(Information provided begins)
(* Consider the rendezvous game on a connected graph $G$ against Divider with exactly one agent $D_1$. Suppose that at some moment when it is Facilitator's turn to move, $R$ and $J$ occupy vertices of a cycle $C$ of $G$ that has no shortcut, and $D_1$ also occupies a vertex of $C$. Then Facilitator has a winning strategy in which $R$ and $J$ meet within at most $\ell(C)/2$ further moves of Facilitator.
   Context: Rendezvous game with adversaries. Let $G$ be a finite, simple, undirected, connected graph, let $s,t\in V(G)$ and let $k\ge 1$ be an integer. Two players play: Facilitator, who controls two agents $R$ and $J$ initially placed on $s$ and $t$ respectively, and Divider, who controls $k$ agents $D_1,\dots,D_k$ which Divider initially places on vertices of $V(G)\setminus\{s,t\}$ of his choice (several agents may share a vertex). After the initial placement the players alternate moves, Facilitator moving first. In a move, the player moves each of his agents to an adjacent vertex or leaves it where it is; no agent may be moved to a vertex currently occupied by an agent of the opponent. Both players have full information. Facilitator wins if at some moment $R$ and $J$ occupy the same vertex; Divider wins if this never happens. $\ell(P)$, $\ell(C)$ denote the number of edges of a path $P$ or cycle $C$. For a cycle $C$ of $G$ and distinct $u,v\in V(C)$, let $P_1,P_2$ be the two internally vertex-disjoint $(u,v)$-paths contained in $C$. $C$ has a $(u,v)$-shortcut if there is a $(u,v)$-path $P$ in $G-(V(C)\setminus\{u,v\})$ with $\ell(P)<\ell(P_1)$ and $\ell(P)<\ell(P_2)$; $C$ has a shortcut if it has a $(u,v)$-shortcut for some distinct $u,v\in V(C)$. *)

theory Defs
  imports Main
begin

definition simple_graph :: "'a set \<Rightarrow> ('a \<Rightarrow> 'a \<Rightarrow> bool) \<Rightarrow> bool" where
  "simple_graph V E \<longleftrightarrow> finite V \<and>
     (\<forall>x y. E x y \<longrightarrow> x \<in> V \<and> y \<in> V \<and> x \<noteq> y \<and> E y x)"

definition connected_graph :: "'a set \<Rightarrow> ('a \<Rightarrow> 'a \<Rightarrow> bool) \<Rightarrow> bool" where
  "connected_graph V E \<longleftrightarrow> V \<noteq> {} \<and> (\<forall>x\<in>V. \<forall>y\<in>V. E\<^sup>*\<^sup>* x y)"

text \<open>A cycle is given by the cyclic list of its distinct vertices c_0, ..., c_(n-1), n >= 3;
  its length (number of edges) is n.\<close>
definition is_cycle :: "'a set \<Rightarrow> ('a \<Rightarrow> 'a \<Rightarrow> bool) \<Rightarrow> 'a list \<Rightarrow> bool" where
  "is_cycle V E cs \<longleftrightarrow> length cs \<ge> 3 \<and> distinct cs \<and> set cs \<subseteq> V \<and>
     (\<forall>i < length cs. E (cs ! i) (cs ! ((i + 1) mod length cs)))"

text \<open>A (u,v)-path given as its list of distinct vertices; its length is (number of vertices - 1).\<close>
definition is_path :: "('a \<Rightarrow> 'a \<Rightarrow> bool) \<Rightarrow> 'a list \<Rightarrow> 'a \<Rightarrow> 'a \<Rightarrow> bool" where
  "is_path E ps u v \<longleftrightarrow> ps \<noteq> [] \<and> hd ps = u \<and> last ps = v \<and> distinct ps \<and>
     (\<forall>i. i + 1 < length ps \<longrightarrow> E (ps ! i) (ps ! (i + 1)))"

text \<open>Shortcut: for distinct u = c_i, v = c_k (i < k) the two arcs of C have lengths k - i and
  n - (k - i); a shortcut is a (u,v)-path avoiding V(C) - {u,v} strictly shorter than both.\<close>
definition has_shortcut :: "'a set \<Rightarrow> ('a \<Rightarrow> 'a \<Rightarrow> bool) \<Rightarrow> 'a list \<Rightarrow> bool" where
  "has_shortcut V E cs \<longleftrightarrow>
     (\<exists>i k ps. i < k \<and> k < length cs \<and> is_path E ps (cs ! i) (cs ! k) \<and> set ps \<subseteq> V \<and>
        set ps \<inter> set cs \<subseteq> {cs ! i, cs ! k} \<and>
        length ps - 1 < k - i \<and> length ps - 1 < length cs - (k - i))"

definition step :: "('a \<Rightarrow> 'a \<Rightarrow> bool) \<Rightarrow> 'a \<Rightarrow> 'a \<Rightarrow> bool" where
  "step E x y \<longleftrightarrow> x = y \<or> E x y"

text \<open>Game with one Divider agent. fwin E n r j d: in the position where R is at r, J at j,
  D_1 at d and Facilitator is to move, Facilitator can force R and J to meet within at most
  n further Facilitator moves.\<close>
fun fwin :: "('a \<Rightarrow> 'a \<Rightarrow> bool) \<Rightarrow> nat \<Rightarrow> 'a \<Rightarrow> 'a \<Rightarrow> 'a \<Rightarrow> bool" where
  "fwin E 0 r j d = (r = j)"
| "fwin E (Suc n) r j d =
     (r = j \<or> (\<exists>r' j'. step E r r' \<and> step E j j' \<and> r' \<noteq> d \<and> j' \<noteq> d \<and>
        (r' = j' \<or> (\<forall>d'. step E d d' \<and> d' \<noteq> r' \<and> d' \<noteq> j' \<longrightarrow> fwin E n r' j' d'))))"

end

theory Submission
  imports Defs
begin

text \<open>R and J walk towards each other along the arc of C between them that avoids D, each
  shrinking the arc by one edge per move, so they meet after at most half of its length.
  What must be maintained is that D never blocks them.  The invariant is: D lies off C or
  on the complementary open arc, and every path from D to an inner vertex at distance k from
  the ends of the arc of length g, meeting C only at its ends, has more than min k (g - k)
  edges.  Initially this is exactly the absence of a shortcut; after a round the arc has
  lost one vertex at each end while such paths from D have become at most one edge shorter.\<close>

lemma mod_add_cases:
  fixes s D n :: nat
  assumes "0 < D" "D < n"
  shows "(s + D) mod n = s mod n + D \<or> (s + D) mod n + n = s mod n + D"
proof -
  have mod_eq: "(s + D) mod n = (s mod n + D) mod n" by (simp add: mod_add_left_eq)
  have lt: "s mod n < n" using assms by simp
  show ?thesis
  proof (cases "s mod n + D < n")
    case True
    then show ?thesis using mod_eq by simp
  next
    case False
    then have "(s mod n + D) mod n = (s mod n + D - n) mod n" by (simp add: le_mod_geq)
    also have "\<dots> = s mod n + D - n" using lt assms by (intro mod_less) linarith
    finally show ?thesis using mod_eq False by simp
  qed
qed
(Information provided ends)
▶ **What you have to do**:
Give the whole listing again, character for character.

▶ **Problem solution**:
(* Consider the rendezvous game on a connected graph $G$ against Divider with exactly one agent $D_1$. Suppose that at some moment when it is Facilitator's turn to move, $R$ and $J$ occupy vertices of a cycle $C$ of $G$ that has no shortcut, and $D_1$ also occupies a vertex of $C$. Then Facilitator has a winning strategy in which $R$ and $J$ meet within at most $\ell(C)/2$ further moves of Facilitator.
   Context: Rendezvous game with adversaries. Let $G$ be a finite, simple, undirected, connected graph, let $s,t\in V(G)$ and let $k\ge 1$ be an integer. Two players play: Facilitator, who controls two agents $R$ and $J$ initially placed on $s$ and $t$ respectively, and Divider, who controls $k$ agents $D_1,\dots,D_k$ which Divider initially places on vertices of $V(G)\setminus\{s,t\}$ of his choice (several agents may share a vertex). After the initial placement the players alternate moves, Facilitator moving first. In a move, the player moves each of his agents to an adjacent vertex or leaves it where it is; no agent may be moved to a vertex currently occupied by an agent of the opponent. Both players have full information. Facilitator wins if at some moment $R$ and $J$ occupy the same vertex; Divider wins if this never happens. $\ell(P)$, $\ell(C)$ denote the number of edges of a path $P$ or cycle $C$. For a cycle $C$ of $G$ and distinct $u,v\in V(C)$, let $P_1,P_2$ be the two internally vertex-disjoint $(u,v)$-paths contained in $C$. $C$ has a $(u,v)$-shortcut if there is a $(u,v)$-path $P$ in $G-(V(C)\setminus\{u,v\})$ with $\ell(P)<\ell(P_1)$ and $\ell(P)<\ell(P_2)$; $C$ has a shortcut if it has a $(u,v)$-shortcut for some distinct $u,v\in V(C)$. *)

theory Defs
  imports Main
begin

definition simple_graph :: "'a set \<Rightarrow> ('a \<Rightarrow> 'a \<Rightarrow> bool) \<Rightarrow> bool" where
  "simple_graph V E \<longleftrightarrow> finite V \<and>
     (\<forall>x y. E x y \<longrightarrow> x \<in> V \<and> y \<in> V \<and> x \<noteq> y \<and> E y x)"

definition connected_graph :: "'a set \<Rightarrow> ('a \<Rightarrow> 'a \<Rightarrow> bool) \<Rightarrow> bool" where
  "connected_graph V E \<longleftrightarrow> V \<noteq> {} \<and> (\<forall>x\<in>V. \<forall>y\<in>V. E\<^sup>*\<^sup>* x y)"

text \<open>A cycle is given by the cyclic list of its distinct vertices c_0, ..., c_(n-1), n >= 3;
  its length (number of edges) is n.\<close>
definition is_cycle :: "'a set \<Rightarrow> ('a \<Rightarrow> 'a \<Rightarrow> bool) \<Rightarrow> 'a list \<Rightarrow> bool" where
  "is_cycle V E cs \<longleftrightarrow> length cs \<ge> 3 \<and> distinct cs \<and> set cs \<subseteq> V \<and>
     (\<forall>i < length cs. E (cs ! i) (cs ! ((i + 1) mod length cs)))"

text \<open>A (u,v)-path given as its list of distinct vertices; its length is (number of vertices - 1).\<close>
definition is_path :: "('a \<Rightarrow> 'a \<Rightarrow> bool) \<Rightarrow> 'a list \<Rightarrow> 'a \<Rightarrow> 'a \<Rightarrow> bool" where
  "is_path E ps u v \<longleftrightarrow> ps \<noteq> [] \<and> hd ps = u \<and> last ps = v \<and> distinct ps \<and>
     (\<forall>i. i + 1 < length ps \<longrightarrow> E (ps ! i) (ps ! (i + 1)))"

text \<open>Shortcut: for distinct u = c_i, v = c_k (i < k) the two arcs of C have lengths k - i and
  n - (k - i); a shortcut is a (u,v)-path avoiding V(C) - {u,v} strictly shorter than both.\<close>
definition has_shortcut :: "'a set \<Rightarrow> ('a \<Rightarrow> 'a \<Rightarrow> bool) \<Rightarrow> 'a list \<Rightarrow> bool" where
  "has_shortcut V E cs \<longleftrightarrow>
     (\<exists>i k ps. i < k \<and> k < length cs \<and> is_path E ps (cs ! i) (cs ! k) \<and> set ps \<subseteq> V \<and>
        set ps \<inter> set cs \<subseteq> {cs ! i, cs ! k} \<and>
        length ps - 1 < k - i \<and> length ps - 1 < length cs - (k - i))"

definition step :: "('a \<Rightarrow> 'a \<Rightarrow> bool) \<Rightarrow> 'a \<Rightarrow> 'a \<Rightarrow> bool" where
  "step E x y \<longleftrightarrow> x = y \<or> E x y"

text \<open>Game with one Divider agent. fwin E n r j d: in the position where R is at r, J at j,
  D_1 at d and Facilitator is to move, Facilitator can force R and J to meet within at most
  n further Facilitator moves.\<close>
fun fwin :: "('a \<Rightarrow> 'a \<Rightarrow> bool) \<Rightarrow> nat \<Rightarrow> 'a \<Rightarrow> 'a \<Rightarrow> 'a \<Rightarrow> bool" where
  "fwin E 0 r j d = (r = j)"
| "fwin E (Suc n) r j d =
     (r = j \<or> (\<exists>r' j'. step E r r' \<and> step E j j' \<and> r' \<noteq> d \<and> j' \<noteq> d \<and>
        (r' = j' \<or> (\<forall>d'. step E d d' \<and> d' \<noteq> r' \<and> d' \<noteq> j' \<longrightarrow> fwin E n r' j' d'))))"

end

theory Submission
  imports Defs
begin

text \<open>R and J walk towards each other along the arc of C between them that avoids D, each
  shrinking the arc by one edge per move, so they meet after at most half of its length.
  What must be maintained is that D never blocks them.  The invariant is: D lies off C or
  on the complementary open arc, and every path from D to an inner vertex at distance k from
  the ends of the arc of length g, meeting C only at its ends, has more than min k (g - k)
  edges.  Initially this is exactly the absence of a shortcut; after a round the arc has
  lost one vertex at each end while such paths from D have become at most one edge shorter.\<close>

lemma mod_add_cases:
  fixes s D n :: nat
  assumes "0 < D" "D < n"
  shows "(s + D) mod n = s mod n + D \<or> (s + D) mod n + n = s mod n + D"
proof -
  have mod_eq: "(s + D) mod n = (s mod n + D) mod n" by (simp add: mod_add_left_eq)
  have lt: "s mod n < n" using assms by simp
  show ?thesis
  proof (cases "s mod n + D < n")
    case True
    then show ?thesis using mod_eq by simp
  next
    case False
    then have "(s mod n + D) mod n = (s mod n + D - n) mod n" by (simp add: le_mod_geq)
    also have "\<dots> = s mod n + D - n" using lt assms by (intro mod_less) linarith
    finally show ?thesis using mod_eq False by simp
  qed
qed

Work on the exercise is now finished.